■ What you are asked to do ■
Read through the records below and copy each line that uses the word "independent".

**********

text \<open>Events of the past and of generation \<open>k\<close> are independent: the two index sets are
  disjoint, so this is grouping of an independent family.\<close>

lemma indep_past_generation:
  assumes A: "A \<in> sets (sigma_of (past k))" and B: "B \<in> sets (sigma_of (generation k))"
  shows "prob (A \<inter> B) = prob A * prob B"
proof -
  define I' where "I' = (\<lambda>b::bool. if b then past k else generation k)"
  have sub: "(\<Union>b. I' b) \<subseteq> var_index"
    unfolding I'_def past_def generation_def var_index_def by auto
  have ind: "indep_sets var_events (\<Union>b\<in>UNIV. I' b)"
    using indep_sets_mono_index[OF sub] indep_V unfolding indep_vars_def var_events_def by blast
  have IS: "Int_stable (var_events i)" for i
    using sigma_algebra_sigma_sets[OF var_generators_Pow[of i]] unfolding sigma_algebra_def var_events_def
    by (auto intro: algebra.Int_stable)
  have dj: "disjoint_family_on I' UNIV"
    unfolding disjoint_family_on_def I'_def past_def generation_def by auto
  have ind2: "indep_sets (\<lambda>b. sigma_sets (space M) (\<Union>i\<in>I' b. var_events i)) UNIV"
    by (rule indep_sets_collect_sigma[OF ind IS dj])
  define F where "F = (\<lambda>b::bool. if b then A else B)"
  have "prob (\<Inter>b\<in>UNIV. F b) = (\<Prod>b\<in>UNIV. prob (F b))"
  proof (rule indep_setsD[OF ind2])
    show "\<forall>b\<in>UNIV. F b \<in> sigma_sets (space M) (\<Union>i\<in>I' b. var_events i)"
      using A B unfolding F_def I'_def sets_sigma_of by auto
  qed auto
  moreover have "(\<Inter>b\<in>UNIV. F b) = A \<inter> B" unfolding F_def UNIV_bool by auto
  moreover have "(\<Prod>b\<in>UNIV. prob (F b)) = prob A * prob B" unfolding F_def UNIV_bool by simp
  ultimately show ?thesis by simp
qed
(* Let $\mathcal B=(\mathcal T,A,p,c)$ be a BMDP with $n=|\mathcal T|$, let $F:[0,\infty]^n\to[0,\infty]^n$ be its fixed-point operator, let $\mathbf c^*\in[0,\infty]^n$ be the vector of optimal expected total costs, and let $\mathbf x^0=\mathbf 0$, $\mathbf x^{k+1}=F(\mathbf x^k)$ for $k\ge 0$. Then: (a) $F$ is monotone (i.e. $\mathbf x\le\mathbf y$ implies $F(\mathbf x)\le F(\mathbf y)$) and continuous (i.e. $F(\lim_k \mathbf y^k)=\lim_k F(\mathbf y^k)$ for every nondecreasing sequence $(\mathbf y^k)$ in $[0,\infty]^n$); consequently $\mathbf 0\le\mathbf x^k\le\mathbf x^{k+1}$ for all $k\ge0$. (b) $\mathbf c^*=F(\mathbf c^* )$. (c) $\mathbf x^k\le\mathbf c^*$ for all $k\ge 0$. (d) For every $\mathbf c'\in[0,\infty]^n$ with $\mathbf c'=F(\mathbf c')$, we have $\mathbf c^*\le\mathbf c'$. (e) $\mathbf c^*=\lim_{k\to\infty}\mathbf x^k$.
   Context: A branching Markov decision process (BMDP) is a tuple $\mathcal B=(\mathcal T,A,p,c)$ where $\mathcal T$ is a finite set of types, $A$ is a finite set of actions, $p:\mathcal T\times A\to \mathrm{Dist}(\mathcal T^* )$ is a partial function assigning to some pairs $(q,a)$ a probability distribution with finite support over the set $\mathcal T^*$ of finite lists (words) of types, and $c:\mathcal T\times A\to\mathbb R_{>0}$ is a cost function with strictly positive values. $A(q)$ denotes the (nonempty) set of actions $a$ for which $p(q,a)$ is defined. A branching Markov chain (BMC) is a BMDP with $|A(q)|=1$ for every $q$. For a list $\alpha$, $|\alpha|$ is its length and $\alpha_i$ its $i$-th element; $\varepsilon$ is the empty list. Semantics: the BMDP induces an MDP whose states are lists $\alpha\in\mathcal T^*$ (of "entities"). In state $\alpha$ the enabled actions are pairs $(i,a)$ with $1\le i\le|\alpha|$ and $a\in A(\alpha_i)$; taking $(i,a)$ incurs cost $c(\alpha_i,a)$ and moves to $\alpha_1\cdots\alpha_{i-1}\cdot\beta\cdot\alpha_{i+1}\cdots\alpha_{|\alpha|}$ with probability $p(\alpha_i,a)(\beta)$, for each $\beta\in\mathcal T^*$. The state $\varepsilon$ has no actions; once reached, the process stays there forever and incurs no further cost. A strategy maps each finite history (path) to a probability distribution over the actions enabled in its last state; a strategy $\sigma$ and initial state $\alpha$ induce a probability measure on runs. $\mathrm{ETotal}_N(\alpha,\sigma)$ denotes the expected sum of the costs incurred in the first $N$ steps; $\mathrm{ETotal}_*(\alpha,\sigma)=\lim_{N\to\infty}\mathrm{ETotal}_N(\alpha,\sigma)\in[0,\infty]$; and $\mathrm{ETotal}_*(\alpha)=\inf_\sigma \mathrm{ETotal}_*(\alpha,\sigma)$ over all strategies. The vector $\mathbf c^*\in[0,\infty]^{\mathcal T}$ is defined by $\mathbf c^*_q=\mathrm{ETotal}_*(q)$ (starting from the one-entity list $q$). The fixed-point operator $F:[0,\infty]^{\mathcal T}\to[0,\infty]^{\mathcal T}$ is $F(\mathbf x)_q=\min_{a\in A(q)}\Big(c(q,a)+\sum_{\alpha\in\mathcal T^*}p(q,a)(\alpha)\sum_{i=1}^{|\alpha|}\mathbf x_{\alpha_i}\Big)$, with conventions $0\cdot\infty=0$ and $r+\infty=\infty$. Vectors are compared componentwise. *)

theory Defs
  imports "HOL-Probability.Probability"
begin
lemma second_difference_mean_value:
  fixes f :: "'a::real_normed_vector \<Rightarrow> real"
  assumes U: "ball x d \<subseteq> U" and f: "C1_on U f f'" and f2: "\<And>v. C1_on U (\<lambda>y. f' y v) (f'' v)"
    and h: "h > 0" "h * (norm u + norm v) < d"
  shows "\<exists>y\<in>ball x d. f (x + h *\<^sub>R u + h *\<^sub>R v) - f (x + h *\<^sub>R u) - f (x + h *\<^sub>R v) + f x
    = h * h * f'' u y v"
proof -
  have inb: "x + s *\<^sub>R u + t *\<^sub>R v \<in> ball x d" if "0 \<le> s" "s \<le> h" "0 \<le> t" "t \<le> h" for s t
  proof -
    have "norm (s *\<^sub>R u + t *\<^sub>R v) \<le> s * norm u + t * norm v"
      using that by (metis abs_of_nonneg norm_scaleR norm_triangle_ineq)
    also have "\<dots> \<le> h * norm u + h * norm v"
      using that by (intro add_mono mult_right_mono) auto
    finally have "norm (s *\<^sub>R u + t *\<^sub>R v) < d" using h by (simp add: distrib_left)
    moreover have "dist x (x + s *\<^sub>R u + t *\<^sub>R v) = norm (s *\<^sub>R u + t *\<^sub>R v)"
      by (metis dist_norm norm_minus_commute add_diff_cancel_left' add.assoc)
    ultimately show ?thesis by simp
  qed
  define \<phi> where "\<phi> s = f (x + s *\<^sub>R u + h *\<^sub>R v) - f (x + s *\<^sub>R u)" for s
  have "(\<phi> has_real_derivative f' (x + s *\<^sub>R u + h *\<^sub>R v) u - f' (x + s *\<^sub>R u) u) (at s)"
    if "0 \<le> s" "s \<le> h" for s
  proof -
    have "(f has_derivative f' ((x + h *\<^sub>R v) + s *\<^sub>R u)) (at ((x + h *\<^sub>R v) + s *\<^sub>R u))"
      using C1_on_has_derivative[OF f] inb[of s h] that h U by (auto simp: algebra_simps)
    moreover have "(f has_derivative f' (x + s *\<^sub>R u)) (at (x + s *\<^sub>R u))"
      using C1_on_has_derivative[OF f] inb[of s 0] that h U by auto
    ultimately have "((\<lambda>s. f ((x + h *\<^sub>R v) + s *\<^sub>R u) - f (x + s *\<^sub>R u)) has_real_derivative
        f' ((x + h *\<^sub>R v) + s *\<^sub>R u) u - f' (x + s *\<^sub>R u) u) (at s)"
      by (intro DERIV_diff has_real_derivative_along_line)
    then show ?thesis unfolding \<phi>_def by (simp add: algebra_simps)
  qed
  then obtain s1 where s1: "0 < s1" "s1 < h"
    "\<phi> h - \<phi> 0 = h * (f' (x + s1 *\<^sub>R u + h *\<^sub>R v) u - f' (x + s1 *\<^sub>R u) u)"
    using MVT2[of 0 h \<phi> "\<lambda>s. f' (x + s *\<^sub>R u + h *\<^sub>R v) u - f' (x + s *\<^sub>R u) u"] h by auto
  define \<psi> where "\<psi> t = f' (x + s1 *\<^sub>R u + t *\<^sub>R v) u" for t
  have "(\<psi> has_real_derivative f'' u (x + s1 *\<^sub>R u + t *\<^sub>R v) v) (at t)" if "0 \<le> t" "t \<le> h" for t
    unfolding \<psi>_def using C1_on_has_derivative[OF f2] inb[of s1 t] that s1 U
    by (intro has_real_derivative_along_line) auto
  then obtain t1 where t1: "0 < t1" "t1 < h" "\<psi> h - \<psi> 0 = h * f'' u (x + s1 *\<^sub>R u + t1 *\<^sub>R v) v"
    using MVT2[of 0 h \<psi> "\<lambda>t. f'' u (x + s1 *\<^sub>R u + t *\<^sub>R v) v"] h by auto
  have "f (x + h *\<^sub>R u + h *\<^sub>R v) - f (x + h *\<^sub>R u) - f (x + h *\<^sub>R v) + f x = \<phi> h - \<phi> 0"
    by (simp add: \<phi>_def)
  also have "\<dots> = h * (\<psi> h - \<psi> 0)"
    using s1(3) by (simp add: \<psi>_def)
  also have "\<dots> = h * h * f'' u (x + s1 *\<^sub>R u + t1 *\<^sub>R v) v"
    using t1(3) by simp
  finally have "f (x + h *\<^sub>R u + h *\<^sub>R v) - f (x + h *\<^sub>R u) - f (x + h *\<^sub>R v) + f x
    = h * h * f'' u (x + s1 *\<^sub>R u + t1 *\<^sub>R v) v" .
  moreover have "x + s1 *\<^sub>R u + t1 *\<^sub>R v \<in> ball x d"
    using inb[of s1 t1] s1 t1 by simp
  ultimately show ?thesis by blast
qed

**********

■ Your solution ■
text \<open>Events of the past and of generation \<open>k\<close> are independent: the two index sets are
  disjoint, so this is grouping of an independent family.\<close>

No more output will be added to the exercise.